This post is written through the lens of post migraine wooziness… which snuck up upon me after a 6 month migraine free period! I’m not a whinger, but… it seems a bit crappy that their is no limit on how many afflictions you can acquire. Well, I suppose that’s not true. But it does seem like an infinite realm until the equation is finally balanced with death.
It’s a really weird thing, mental illness. If for no other reason that you can have a crap week, declare you’re just ‘in the wars’ and then have a more balanced week following that, and forget that the black dog is merely taking a nap curled up and sedated in a cosy corner of your mind. You get that feeling of freedom, and you go about your daily life and it is just too easy to become complacent again… which is when you’re feel the inexplicable wagging of a tail against your leg, and the panting and whining of stomach that is never truly satisfied. There’s no graceful way I feel I can put this – it’s nothing less than crappy remembering that there’s more likely to be a cure for cancer before any treatment is developed that does much more than mask the symptoms of depression. And while I adore the loyalty of real dogs, this metaphorical dog could happily stray further from the kennel and I wouldn’t be upset about it.

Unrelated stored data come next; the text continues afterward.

(* Let $k\ge3$. Let $C$ be a cycle of length $2k$ and $P$ a path of length $2k$ such that $E(C)\cap E(P)=\emptyset$ and $V(C)\cap V(P)\ne\emptyset$. If $H:=C\cup P$ has girth at least $2k-2$, then $H$ can be decomposed into two paths whose lengths lie in $\{2k-1,2k,2k+1\}$.
   Context: Graphs are finite and simple; length = number of edges; girth = length of a shortest cycle. A decomposition of a graph is a set of subgraphs whose edge sets partition its edge set. *)

theory Defs
  imports Main "HOL-Library.Extended_Nat"
begin

text \<open>Graphs are given by their edge sets: an edge is a 2-element vertex set.
A cycle is given by its cyclic list of at least 3 distinct vertices; its length is the
number of vertices (= number of edges).\<close>

definition path_edges :: "'a list \<Rightarrow> 'a set set" where
  "path_edges xs = {{xs ! i, xs ! Suc i} | i. Suc i < length xs}"

definition is_path :: "'a list \<Rightarrow> bool" where
  "is_path xs \<longleftrightarrow> xs \<noteq> [] \<and> distinct xs"

definition path_length :: "'a list \<Rightarrow> nat" where
  "path_length xs = length xs - 1"

definition cycle_edges :: "'a list \<Rightarrow> 'a set set" where
  "cycle_edges xs = path_edges xs \<union> {{last xs, hd xs}}"

definition is_cycle :: "'a list \<Rightarrow> bool" where
  "is_cycle xs \<longleftrightarrow> length xs \<ge> 3 \<and> distinct xs"

definition cycle_length :: "'a list \<Rightarrow> nat" where
  "cycle_length xs = length xs"

text \<open>Girth of the graph with edge set E: length of a shortest cycle (infinity if acyclic).\<close>
definition girth :: "'a set set \<Rightarrow> enat" where
  "girth E = Inf {enat (cycle_length cs) | cs. is_cycle cs \<and> cycle_edges cs \<subseteq> E}"

definition decomposes_into_two_paths :: "'a set set \<Rightarrow> 'a list \<Rightarrow> 'a list \<Rightarrow> bool" where
  "decomposes_into_two_paths E p1 p2 \<longleftrightarrow>
     is_path p1 \<and> is_path p2 \<and> path_edges p1 \<union> path_edges p2 = E \<and>
     path_edges p1 \<inter> path_edges p2 = {}"

end

theory Submission
  imports Defs
begin

text \<open>
  Let \<open>P ! i\<close> be the first vertex of \<open>P\<close> on \<open>C\<close>; reversing \<open>P\<close> we may assume \<open>i \<le> k\<close>, and
  rotating \<open>C\<close> that \<open>P ! i = C ! 0\<close>. If the later vertices of \<open>P\<close> on \<open>C\<close> all avoid one of the
  two arcs of length \<open>max 2 i - 1\<close> next to \<open>C ! 0\<close>, then the first \<open>i\<close> edges of \<open>P\<close> followed by
  a suitable arc of \<open>C\<close>, and the rest of \<open>C\<close> followed by the rest of \<open>P\<close>, form the
  decomposition. Otherwise \<open>P\<close> returns to this window around \<open>C ! 0\<close> at least twice. Closing
  the segments of \<open>P\<close> between \<open>P ! i\<close> and these returns by arcs of \<open>C\<close> inside the window gives
  cycles, so by the girth bound the segments are long, and they fit into \<open>P\<close> only for \<open>k = 3\<close>.
  The few configurations left for \<open>k = 3\<close> are decomposed by letting one path run once around \<open>C\<close>.
\<close>

section \<open>Edges of paths and cycles\<close>

definition path_edge :: "'a list \<Rightarrow> nat \<Rightarrow> 'a set" where
  "path_edge xs j = {xs ! j, xs ! Suc j}"

lemma path_edges_eq_image: "path_edges xs = path_edge xs ` {..<length xs - 1}"
  unfolding path_edges_def path_edge_def by (auto simp: image_def)

lemma path_edges_Nil [simp]: "path_edges [] = {}"
  by (simp add: path_edges_eq_image)

lemma path_edges_singleton [simp]: "path_edges [x] = {}"
  by (simp add: path_edges_eq_image)

lemma path_edges_Cons_Cons: "path_edges (x # y # xs) = insert {x, y} (path_edges (y # xs))"
  by (simp add: path_edges_eq_image lessThan_Suc_eq_insert_0 image_image path_edge_def)

lemma path_edges_Cons: "xs \<noteq> [] \<Longrightarrow> path_edges (x # xs) = insert {x, hd xs} (path_edges xs)"
  by (cases xs) (auto simp: path_edges_Cons_Cons)

lemma path_edges_append:
  "path_edges (xs @ ys) =
     path_edges xs \<union> path_edges ys \<union> (if xs = [] \<or> ys = [] then {} else {{last xs, hd ys}})"
  by (induction xs rule: induct_list012) (auto simp: path_edges_Cons_Cons path_edges_Cons)

lemma path_edges_rev [simp]: "path_edges (rev xs) = path_edges xs"
  by (induction xs rule: induct_list012)
    (auto simp: path_edges_append path_edges_Cons_Cons hd_rev last_rev)

lemma path_edges_drop: "path_edges (drop m xs) = path_edge xs ` {m..<length xs - 1}"
proof -
  have "path_edges (drop m xs) = (\<lambda>j. path_edge xs (m + j)) ` {..<length xs - m - 1}"
    unfolding path_edges_eq_image by (auto simp: path_edge_def)
  also have "\<dots> = path_edge xs ` ((+) m ` {..<length xs - m - 1})"
    by (simp only: image_image)
  also have "(+) m ` {..<length xs - m - 1} = {m..<length xs - 1}"
    unfolding lessThan_atLeast0 image_add_atLeastLessThan by (cases "m < length xs") auto
  finally show ?thesis .
qed

lemma path_edges_take: "path_edges (take m xs) = path_edge xs ` {..<min m (length xs) - 1}"
  by (simp add: path_edges_eq_image path_edge_def min_def)

lemma path_edges_drop_take:
  "path_edges (drop s (take t xs)) = path_edge xs ` {s..<min t (length xs) - 1}"
  unfolding path_edges_drop by (auto simp: path_edge_def intro!: image_cong)

lemma inj_on_path_edge: "distinct xs \<Longrightarrow> inj_on (path_edge xs) {..<length xs - 1}"
  by (auto simp: inj_on_def path_edge_def doubleton_eq_iff nth_eq_iff_index_eq)

lemma mod_add_eq_imp_eq:
  fixes n :: nat
  assumes "(y + a) mod n = (y + b) mod n" "a < n" "b < n"
  shows "a = b"
proof -
  have "a' = b'" if "(y + a') mod n = (y + b') mod n" "a' \<le> b'" "b' < n" for a' b' :: nat
  proof -
    have "n dvd b' - a'"
      using that mod_eq_dvd_iff_nat[of "y + a'" "y + b'" n] by simp
    then show ?thesis using that nat_dvd_not_less[of "b' - a'" n] by (cases "a' < b'") auto
  qed
  then show ?thesis using assms by (metis nat_le_linear)
qed

definition cycle_edge :: "'a list \<Rightarrow> nat \<Rightarrow> 'a set" where
  "cycle_edge C j = {C ! j, C ! (Suc j mod length C)}"

lemma cycle_edges_eq_image:
  assumes "C \<noteq> []"
  shows "cycle_edges C = cycle_edge C ` {..<length C}"
proof -
  have "{..<length C} = insert (length C - 1) {..<length C - 1}"
    using assms by (cases C) auto
  moreover have "cycle_edge C ` {..<length C - 1} = path_edge C ` {..<length C - 1}"
    by (auto simp: cycle_edge_def path_edge_def intro!: image_cong)
  moreover have "cycle_edge C (length C - 1) = {last C, hd C}"
    using assms by (simp add: cycle_edge_def last_conv_nth hd_conv_nth)
  ultimately show ?thesis
    unfolding cycle_edges_def path_edges_eq_image by auto
qed

lemma cycle_edge_mod_in_cycle_edges:
  assumes "C \<noteq> []"
  shows "{C ! (m mod length C), C ! (Suc m mod length C)} \<in> cycle_edges C"
proof -
  have "{C ! (m mod length C), C ! (Suc m mod length C)} = cycle_edge C (m mod length C)"
    by (simp add: cycle_edge_def mod_Suc_eq)
  then show ?thesis using assms by (simp add: cycle_edges_eq_image)
qed

lemma inj_on_cycle_edge:
  assumes "distinct C" "3 \<le> length C"
  shows "inj_on (cycle_edge C) {..<length C}"
proof (rule inj_onI)
  fix i j assume ij: "i \<in> {..<length C}" "j \<in> {..<length C}" "cycle_edge C i = cycle_edge C j"
  let ?n = "length C"
  have "Suc i mod ?n < ?n" "Suc j mod ?n < ?n" using ij by (auto intro: mod_less_divisor)
  then have "i = j \<or> (i = Suc j mod ?n \<and> j = Suc i mod ?n)"
    using ij assms by (auto simp: cycle_edge_def doubleton_eq_iff nth_eq_iff_index_eq)
  moreover have "Suc (Suc i mod ?n) mod ?n \<noteq> i"
  proof
    assume "Suc (Suc i mod ?n) mod ?n = i"
    then have "(i + 2) mod ?n = i mod ?n" using ij by (simp add: mod_Suc_eq)
    then have "?n dvd 2" using mod_eq_dvd_iff_nat[of i "i + 2" ?n] by simp
    then show False using assms(2) by (auto dest: dvd_imp_le)
  qed
  ultimately show "i = j" by auto
qed

lemma cycle_edges_rev [simp]: "cycle_edges (rev C) = cycle_edges C"
  by (cases "C = []") (auto simp: cycle_edges_def hd_rev last_rev)

lemma cycle_edges_rotate1 [simp]: "cycle_edges (rotate1 C) = cycle_edges C"
  by (cases C rule: remdups_adj.cases) (auto simp: cycle_edges_def path_edges_append path_edges_Cons)

lemma cycle_edges_rotate [simp]: "cycle_edges (rotate m C) = cycle_edges C"
  by (induction m) simp_all

lemma nth_rev_rotate1:
  assumes "j < length C"
  shows "rev (rotate1 C) ! j = C ! ((length C - j) mod length C)"
  using assms by (cases C; cases j) (auto simp: rev_nth nth_Cons' Suc_diff_Suc)

lemma cycle_starting_at_edge:
  assumes "C \<noteq> []" "distinct C" "{a, b} \<in> cycle_edges C" "a \<noteq> b"
  obtains C' where "distinct C'" "length C' = length C" "set C' = set C"
    "cycle_edges C' = cycle_edges C" "hd C' = a" "last C' = b"
proof -
  let ?n = "length C"
  obtain m where m: "m < ?n" "{a, b} = {C ! m, C ! (Suc m mod ?n)}"
    using assms(1,3) by (auto simp: cycle_edges_eq_image cycle_edge_def)
  define C1 where "C1 = rotate (Suc m) C"
  have C1: "distinct C1" "length C1 = ?n" "set C1 = set C" "cycle_edges C1 = cycle_edges C"
    using assms(2) by (simp_all add: C1_def)
  have "hd C1 = C ! (Suc m mod ?n)"
    unfolding C1_def using assms(1) by (rule hd_rotate_conv_nth)
  moreover have "last C1 = C ! m"
  proof -
    have "last C1 = C ! ((Suc m + (?n - 1)) mod ?n)"
      using assms(1) by (simp add: C1_def last_conv_nth nth_rotate del: rotate_Suc)
    also have "Suc m + (?n - 1) = m + ?n" using m(1) by linarith
    also have "(m + ?n) mod ?n = m" using m(1) by simp
    finally show ?thesis .
  qed
  ultimately consider "hd C1 = a" "last C1 = b" | "hd (rev C1) = a" "last (rev C1) = b"
    using m(2) C1 assms(1) by (auto simp: doubleton_eq_iff hd_rev last_rev)
  then show ?thesis
  proof cases
    case 1
    then show ?thesis using C1 that by simp
  next
    case 2
    then show ?thesis using C1 that[of "rev C1"] by simp
  qed
qed

lemma set_drop_eq_image: "set (drop m xs) = (!) xs ` {m..<length xs}"
proof -
  have "drop m xs = map ((!) xs) [m..<length xs]" by (simp add: list_eq_iff_nth_eq)
  then show ?thesis by simp
qed

lemma path_segment:
  assumes "distinct xs" "s \<le> t" "t < length xs"
  defines "seg \<equiv> drop s (take (Suc t) xs)"
  shows "distinct seg" "length seg = t - s + 1" "path_edges seg \<subseteq> path_edges xs"
    "hd seg = xs ! s" "last seg = xs ! t" "set seg = (!) xs ` {s..t}"
proof -
  show "distinct seg" using assms(1) by (simp add: seg_def distinct_drop distinct_take)
  show "length seg = t - s + 1" using assms by (simp add: seg_def)
  show "path_edges seg \<subseteq> path_edges xs"
    unfolding seg_def path_edges_drop_take path_edges_eq_image[of xs] using assms by auto
  show "hd seg = xs ! s" using assms by (simp add: seg_def hd_drop_conv_nth)
  show "last seg = xs ! t" using assms by (simp add: seg_def last_conv_nth)
  have "seg = map ((!) xs) [s..<Suc t]"
    using assms by (simp add: seg_def list_eq_iff_nth_eq del: upt_Suc)
  then show "set seg = (!) xs ` {s..t}"
    by (simp add: atLeastLessThanSuc_atLeastAtMost del: upt_Suc)
qed

definition two_path_decomposable :: "'a set set \<Rightarrow> nat \<Rightarrow> bool" where
  "two_path_decomposable E n \<longleftrightarrow>
     (\<exists>p1 p2. decomposes_into_two_paths E p1 p2 \<and>
        path_length p1 \<in> {n - 1, n, n + 1} \<and> path_length p2 \<in> {n - 1, n, n + 1})"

Reading statistics on mental health in Australia is kind of heartening and disparaging all in one. Places like Sane.org and BeyondBlue.org are invaluable in terms of research and support for people and their families affected with a whole spectrum of mental disorders. One that has really struck me is that 1 in 5 Australians will suffer a mental illness at some point in their lives, with depression being the most common, followed by illnesses such as bipolar, personality disorders ranging right on to schizophrenia. Which is one of those things that gives you a sense of ‘safety in numbers’ but also despair at what such a rate means. It seems so bizarre to me that I can sit here writing, still feeling tentative (or, perhaps full on petrified) at the thought of sharing this blog with my extended circle of friends, over an illness that according to statistics more than 100 of my Facebook friends alone will share with me and many more will be touched by it through family and friends.
But truth be told, it is an incredibly scary thing to expose something at the very heart of you when such stigma still exists. I am still afraid of being treated or talked about in a way that I don’t think is fair, and maybe vainly I am scared that no one will care at all. Because I think there’s still a corner of me that thinks I’m whining about something equivalent to a rotten cold, or about just being ‘in the wars’ and that I should just suck it up and quietly accept my burden. And maybe I should. But for the time being, this blog is just me venting to me, and a few select others should I chose to show them. Maybe my black dog will grow a mane and learn to roar with courage yet.